康挥仿判NCCL 使用 bootstrapInit 实现控制环形拓扑的协商和建立。
ncclCommInitRank
ncclCommInitRankDev
ncclCommInitRankFunc
bootstrapInit(int nHandles, void* handles, struct ncclComm* comm)
在 NCCL 控制环初始化阶段:
每个 MPI 进程创建一个 TCP 监听 socket1,这个 socket 只允许邻居节点的连接,并交换必要的连接信息
每个 MPI 进程创建第二个 TCP 监听 socket2,这个 socket 只允许 MPI 根进程的连接,用于传递 MPI 邻居信息
每个 MPI 进程分别向 root MPI 进程发送自身的连接信息(root 节点通过校验 UniqueId(其实就是 UniqueId 里面的 magic),来决定是否接受连接)
通过 MPI root 进程的 bootstrapRoot 函数逻辑,每个 MPI 进程分别从 root MPI 进程获得自己的后继节点信息(MPI root 进程通过连接每个 MPI 进程的 socket2 发送)
每个 MPI 进程向自己的后继节点发起主动连接(指向后继节点的socket1),并接受自己前驱节点的连接。到此,每个 rank 已经和下一个 rank 建立了直接连接,形成一个控制逻辑环
每个 MPI 进程分别再创建 3 个监听 socket,分别是:peerProxyAddresses,peerProxyAddressesUDS,和 peerP2pAddresses
peerProxyAddresses。NCCL 使用 代理线程(proxy thread) 来处理一些异步或需要 CPU 参与的任务,例如:
注册/注销 GPU 内存(尤其在 IB/RDMA 场景)
处理共享内存(shm)或 CUDA IPC
管理连接生命周期
每个 rank 启动时会创建一个 本地 proxy 服务线程,并监听一个 TCP 端口
其他 rank 若需请求该 rank 的 proxy 服务(如 "请帮我注册这块 GPU 内存"),就连接到 socket:peerProxyAddresses
peerProxyAddressesUDS。

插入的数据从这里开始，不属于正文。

lemma meet_coeffs_pos_near:
  assumes "tangent_det x x' \<noteq> 0" "meet_coeff1 x x' > 0" "meet_coeff2 x x' > 0"
  obtains r where "r > 0" "\<And>s t. \<bar>s - x\<bar> < r \<Longrightarrow> \<bar>t - x'\<bar> < r \<Longrightarrow>
    tangent_det s t \<noteq> 0 \<and> meet_coeff1 s t > 0 \<and> meet_coeff2 s t > 0"
proof -
  define P where "P w = min \<bar>tangent_det (fst w) (snd w)\<bar> (min (meet_coeff1 (fst w) (snd w)) (meet_coeff2 (fst w) (snd w)))" for w
  have P0: "P (x, x') > 0" using assms by (simp add: P_def)
  have cT: "isCont (\<lambda>w. T (f w)) z" and cg: "isCont (\<lambda>w. \<gamma> (f w)) z" if "isCont f z" for f :: "real \<times> real \<Rightarrow> real" and z
    using continuous_at_compose[OF that isCont_tangent] continuous_at_compose[OF that isCont_curve]
    by (simp_all add: comp_def)
  have "isCont P (x, x')" unfolding P_def meet_coeff1_def meet_coeff2_def tangent_det_def det2_def
    using assms(1) by (intro continuous_intros cT cg) (auto simp: tangent_det_def det2_def)
  then obtain d where d: "d > 0" "\<And>w. dist w (x, x') < d \<Longrightarrow> dist (P w) (P (x, x')) < P (x, x')"
    using P0 unfolding continuous_at_eps_delta by blast
  show ?thesis
  proof (rule that[of "d/2"])
    fix s t assume st: "\<bar>s - x\<bar> < d/2" "\<bar>t - x'\<bar> < d/2"
    have "dist (s, t) (x, x') \<le> \<bar>s - x\<bar> + \<bar>t - x'\<bar>"
      unfolding dist_Pair_Pair dist_real_def using sqrt_sum_squares_le_sum_abs by simp
    then have "P (s, t) > 0" using st d(2)[of "(s, t)"] by (simp add: dist_real_def)
    then show "tangent_det s t \<noteq> 0 \<and> meet_coeff1 s t > 0 \<and> meet_coeff2 s t > 0" by (simp add: P_def)
  qed (use d in simp)
qed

当多个 rank 运行在 同一台机器时,可以通过:peerProxyAddressesUDS,来加速通信
peerP2pAddresses。用于 rank 之间建立直接的点对点(P2P)连接,实现任意两个 rank 能直接通信。例如:ncclSend / ncclRecv(点对点通信 API)

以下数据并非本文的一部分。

(* Let $A$, $Q$, $H\subseteq A^Q$ be non-empty finite sets and $\mathcal F$ a clone with carrier $A$ such that (a) $\mathcal F$ satisfies $\Delta^\partial$, or (b) $\mathcal F$ contains a $\partial$-function and $|H(q)|\le2$ for all $q\in Q$. Suppose $H\in\mathrm{Inv}_Q\mathcal F$ and let $P=\{p,q\}\in[Q]^2$. Then one of the following holds: (1) $H|_P=\{g\in A^P: g(p)\in H(p),\ g(q)\in H(q)\}$; (2) there is $\sigma\in S_A$ such that $H|_P=\{g\in A^P: g(p)\in H(p),\ g(q)\in H(q),\ g(q)=\sigma(g(p))\}$; (3) there are $a,b\in A$ such that $H|_P=\{g\in A^P: g(p)\in H(p),\ g(q)\in H(q),\ (g(p)=a\text{ or }g(q)=b)\}$.
   Context: $\mathcal O(A)=\bigcup_{n<\omega}A^{A^n}$. A clone with carrier $A$ is a subset of $\mathcal O(A)$ containing all projections and closed under composition. For $f\in\mathcal O(A)_{[n]}$ and $h_i\in A^Q$, $f(h_0,\dots,h_{n-1})$ is $q\mapsto f(h_0(q)\dots h_{n-1}(q))$; $\mathrm{Inv}_Q\mathcal F$ is the set of $H\subseteq A^Q$ closed under all such compositions with $f\in\mathcal F$. $H(q)=\{h(q):h\in H\}$; $H|_P=\{h|_P:h\in H\}$; $[Q]^2$ is the set of 2-element subsets of $Q$; $S_A$ the set of permutations of $A$; $A^3_3$ the set of triples in $A^3$ with three distinct entries, $\mathrm{ran}\,\mathbf a$ the set of entries of $\mathbf a$. A $\partial$-function is $\partial\in\mathcal O(A)_{[3]}$ with $\partial(xxy)=\partial(xyx)=\partial(yxx)=x$; $\mathcal F$ satisfies $\Delta^\partial$ if for all $\mathbf a\in A^3_3$ and $a\in\mathrm{ran}\,\mathbf a$ there is a $\partial$-function $\partial\in\mathcal F$ with $\partial(\mathbf a)=a$. *)

theory Defs
  imports "HOL-Library.FuncSet"
begin

text \<open>An n-ary operation on A is represented as a pair (n, f) where f acts on lists
of length n over A and is undefined elsewhere (so equality is extensional).\<close>

definition valid_args :: "'a set \<Rightarrow> nat \<Rightarrow> 'a list \<Rightarrow> bool" where
  "valid_args A n xs \<longleftrightarrow> length xs = n \<and> set xs \<subseteq> A"

definition is_op :: "'a set \<Rightarrow> nat \<times> ('a list \<Rightarrow> 'a) \<Rightarrow> bool" where
  "is_op A nf \<longleftrightarrow> (\<forall>xs. valid_args A (fst nf) xs \<longrightarrow> snd nf xs \<in> A)
      \<and> (\<forall>xs. \<not> valid_args A (fst nf) xs \<longrightarrow> snd nf xs = undefined)"

definition proj_op :: "'a set \<Rightarrow> nat \<Rightarrow> nat \<Rightarrow> nat \<times> ('a list \<Rightarrow> 'a)" where
  "proj_op A n i = (n, \<lambda>xs. if valid_args A n xs then xs ! i else undefined)"

definition comp_op :: "'a set \<Rightarrow> ('a list \<Rightarrow> 'a) \<Rightarrow> nat \<Rightarrow> nat \<Rightarrow> (nat \<Rightarrow> 'a list \<Rightarrow> 'a)
    \<Rightarrow> nat \<times> ('a list \<Rightarrow> 'a)" where
  "comp_op A f n m g = (m, \<lambda>xs. if valid_args A m xs then f (map (\<lambda>i. g i xs) [0..<n]) else undefined)"

definition clone :: "'a set \<Rightarrow> (nat \<times> ('a list \<Rightarrow> 'a)) set \<Rightarrow> bool" where
  "clone A F \<longleftrightarrow> (\<forall>nf\<in>F. is_op A nf)
     \<and> (\<forall>n i. i < n \<longrightarrow> proj_op A n i \<in> F)
     \<and> (\<forall>n f m g. (n, f) \<in> F \<longrightarrow> (\<forall>i<n. (m, g i) \<in> F) \<longrightarrow> comp_op A f n m g \<in> F)"

definition apply_op :: "'q set \<Rightarrow> ('a list \<Rightarrow> 'a) \<Rightarrow> ('q \<Rightarrow> 'a) list \<Rightarrow> ('q \<Rightarrow> 'a)" where
  "apply_op Q f hs = (\<lambda>q\<in>Q. f (map (\<lambda>h. h q) hs))"

definition Inv :: "'a set \<Rightarrow> 'q set \<Rightarrow> (nat \<times> ('a list \<Rightarrow> 'a)) set \<Rightarrow> ('q \<Rightarrow> 'a) set set" where
  "Inv A Q F = {H. H \<subseteq> (Q \<rightarrow>\<^sub>E A) \<and>
     (\<forall>n f hs. (n, f) \<in> F \<longrightarrow> length hs = n \<longrightarrow> set hs \<subseteq> H \<longrightarrow> apply_op Q f hs \<in> H)}"

definition proj_at :: "('q \<Rightarrow> 'a) set \<Rightarrow> 'q \<Rightarrow> 'a set" where
  "proj_at H q = (\<lambda>h. h q) ` H"

definition restr :: "('q \<Rightarrow> 'a) set \<Rightarrow> 'q set \<Rightarrow> ('q \<Rightarrow> 'a) set" where
  "restr H P = (\<lambda>h. restrict h P) ` H"

definition is_partial :: "'a set \<Rightarrow> nat \<times> ('a list \<Rightarrow> 'a) \<Rightarrow> bool" where
  "is_partial A nf \<longleftrightarrow> is_op A nf \<and> fst nf = 3 \<and>
     (\<forall>x\<in>A. \<forall>y\<in>A. snd nf [x,x,y] = x \<and> snd nf [x,y,x] = x \<and> snd nf [y,x,x] = x)"

definition Delta_partial :: "'a set \<Rightarrow> (nat \<times> ('a list \<Rightarrow> 'a)) set \<Rightarrow> bool" where
  "Delta_partial A F \<longleftrightarrow> (\<forall>x\<in>A. \<forall>y\<in>A. \<forall>z\<in>A. x \<noteq> y \<and> y \<noteq> z \<and> x \<noteq> z \<longrightarrow>
     (\<forall>a\<in>{x,y,z}. \<exists>d. d \<in> F \<and> is_partial A d \<and> snd d [x,y,z] = a))"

每个 MPI 进程通过 AllGather 算法,在建立的控制环形拓扑上广播交换 3 个socket:peerProxyAddresses,peerProxyAddressesUDS,和 peerP2pAddresses 的地址信息,使得每个 rank 上都知道其它任意 rank 的 3 个 socket 通信地址
ncclResult_t bootstrapInit(int nHandles, void* handles, struct ncclComm* comm) {
······
} else {
// create socket for ring neightbor to contact mee
NCCLCHECK(createListenSocket(comm, comm->magic, &STATE_LISTEN(state, socket), &info.connectInfo.addr, ncclSocketTypeBootstrap));
}
// Create socket for root to contact me using the root's magic
NCCLCHECK(createListenSocket(comm, BOOTSTRAP_HANDLE(handles, curr_root)->magic, &listenSockRoot, &info.listenRootAddress, ncclSocketTypeBootstrap));
······
NCCLCHECK(sendToRoot(BOOTSTRAP_HANDLE(handles, curr_root), comm, &info));
// get info on my "next" rank in the bootstrap ring from root
NCCLCHECK(ncclSocketInit(&sock));
NCCLCHECK(ncclSocketAccept(&sock, &listenSockRoot));
NCCLCHECK(socketRecv(&sock, &nextPeer, sizeof(nextPeer)));
······
// accept and connect the ring network
NCCLCHECK(socketRingConnect(&nextPeer.addr, &STATE_RING(state, socket.send), &STATE_LISTEN(state, socket), &STATE_RING(state, socket.recv), comm->magic, state->abortFlag));
······
// AllGather all listen handlers
// in case of failure, those resources will be free'd when calling bootstrapDestroy, so we can return immediatly
NCCLCHECK(ncclCalloc(&state->peerProxyAddresses, nranks));
NCCLCHECKGOTO(createListenSocket(comm, comm->magic, proxySocket, state->peerProxyAddresses + rank, ncclSocketTypeProxy), result, fail);
NCCLCHECKGOTO(ncclCalloc(&state->peerProxyAddressesUDS, nranks), result, fail);
NCCLCHECKGOTO(getUDS(state->peerProxyAddressesUDS + rank), result, fail);
// Create the service proxy and get the UDS
NCCLCHECKGOTO(ncclProxyInit(comm, proxySocket, state->peerProxyAddresses, state->peerProxyAddressesUDS), result, fail);
// create a socket for others to reach out (P2P)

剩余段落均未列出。